WHAT TO WORK ON
Word for word, set down every line of the entries below from the line with "p = potential_flow" to the line with "nl. lap (Suc", including both, and no other line.

EXCERPTED RECORDS

lemma divergence_harmonic_potential:
  assumes p: "p \<in> {nl+1..n}" and i: "i \<in> {nl+1..n}"
  shows "(\<Sum>j\<in>{nl+1..n}. lap i j * harmonic_potential p j) = (if i = p then -1 else 0)"
proof -
  define a where "a = i - nl - 1"
  have a: "a < n - nl" "i = nl + 1 + a"
    using i by (auto simp: a_def)
  have index: "p - nl - 1 < n - nl"
    using p by auto
  have "(\<Sum>j\<in>{nl+1..n}. lap i j * harmonic_potential p j)
      = - (\<Sum>j<n - nl. Luu $$ (a, j) * Luu_inv $$ (j, p - nl - 1))"
    using a by (simp add: sum_atLeastAtMost_reindex_lessThan harmonic_potential_def
        L_uu_entry sum_negf)
  also have "\<dots> = - (Luu * Luu_inv) $$ (a, p - nl - 1)"
    using a index p L_uu_carrier L_uu_inverse(3) by (simp add: scalar_prod_def lessThan_atLeast0)
  finally show ?thesis
    using a p L_uu_inverse(1) by auto
qed

lemma flow_eq_harmonic_potential_flow:
  assumes p: "p \<in> {nl+1..n}"
  shows "flow n nl m src dst d 0 p = potential_flow m src dst d {nl+1..n} (harmonic_potential p)"
proof (rule flow_eq_feasible_potential_flow[OF dpos])
  show "feasible_flow n nl m src dst p (potential_flow m src dst d {nl+1..n} (harmonic_potential p))"
    unfolding feasible_flow_def divergence_potential_flow
    using divergence_harmonic_potential[OF p] by (simp add: potential_flow_def)
qed

lemma pred_weight_eq:
  assumes p: "p \<in> {nl+1..n}" and i: "i < nl"
  shows "pred_weight n nl m src dst d 0 p (Suc i)
    = - (\<Sum>j<n - nl. Luu_inv $$ (p - nl - 1, j) * Lul $$ (j, i))"
proof -
  have index: "p - nl - 1 < n - nl"
    using p by auto
  have "pred_weight n nl m src dst d 0 p (Suc i)
      = (\<Sum>j\<in>{nl+1..n}. lap (Suc i) j * harmonic_potential p j)"
    unfolding pred_weight_def flow_eq_harmonic_potential_flow[OF p] divergence_potential_flow ..
  also have "\<dots> = - (\<Sum>j<n - nl. lap (Suc i) (nl+1+j) * Luu_inv $$ (j, p - nl - 1))"
    by (simp add: sum_atLeastAtMost_reindex_lessThan harmonic_potential_def sum_negf)
  also have "\<dots> = - (\<Sum>j<n - nl. Luu_inv $$ (p - nl - 1, j) * Lul $$ (j, i))"
    using i index
    by (intro arg_cong[where f = uminus] sum.cong refl)
      (simp add: L_ul_entry L_uu_inv_commute laplacian_entry_commute mult.commute)
  finally show ?thesis .
qed

lemma flow_prediction_eq_harmonic_prediction:
  assumes p: "p \<in> {nl+1..n}"
  shows "flow_prediction n nl m src dst d 0 f p = harmonic_prediction n nl m src dst d f p"
proof -
  have Lul_carrier: "Lul \<in> carrier_mat (n - nl) nl"
    by (simp add: L_ul_def)
  have index: "p - nl - 1 < n - nl"
    using p by auto
  have "flow_prediction n nl m src dst d 0 f p
      = - (\<Sum>i<nl. (\<Sum>j<n - nl. Luu_inv $$ (p - nl - 1, j) * Lul $$ (j, i)) * f (Suc i))"
    using p by (simp add: flow_prediction_def sum.atLeast1_atMost_eq pred_weight_eq sum_negf)
  also have "\<dots> = - (\<Sum>j<n - nl. Luu_inv $$ (p - nl - 1, j) * (\<Sum>i<nl. Lul $$ (j, i) * f (Suc i)))"
    by (simp add: sum_distrib_left sum_distrib_right mult.assoc sum.swap[of _ "{..<nl}"])
  also have "\<dots> = harmonic_prediction n nl m src dst d f p"
    using index Lul_carrier L_uu_inverse(3)
    by (simp add: harmonic_prediction_def Luu_inv_def[symmetric] scalar_prod_def lessThan_atLeast0)
  finally show ?thesis .
qed

end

RESULT OF THIS TASK
  shows "flow n nl m src dst d 0 p = potential_flow m src dst d {nl+1..n} (harmonic_potential p)"
proof (rule flow_eq_feasible_potential_flow[OF dpos])
  show "feasible_flow n nl m src dst p (potential_flow m src dst d {nl+1..n} (harmonic_potential p))"
    unfolding feasible_flow_def divergence_potential_flow
    using divergence_harmonic_potential[OF p] by (simp add: potential_flow_def)
qed

lemma pred_weight_eq:
  assumes p: "p \<in> {nl+1..n}" and i: "i < nl"
  shows "pred_weight n nl m src dst d 0 p (Suc i)
    = - (\<Sum>j<n - nl. Luu_inv $$ (p - nl - 1, j) * Lul $$ (j, i))"
proof -
  have index: "p - nl - 1 < n - nl"
    using p by auto
  have "pred_weight n nl m src dst d 0 p (Suc i)
      = (\<Sum>j\<in>{nl+1..n}. lap (Suc i) j * harmonic_potential p j)"
    unfolding pred_weight_def flow_eq_harmonic_potential_flow[OF p] divergence_potential_flow ..
  also have "\<dots> = - (\<Sum>j<n - nl. lap (Suc i) (nl+1+j) * Luu_inv $$ (j, p - nl - 1))"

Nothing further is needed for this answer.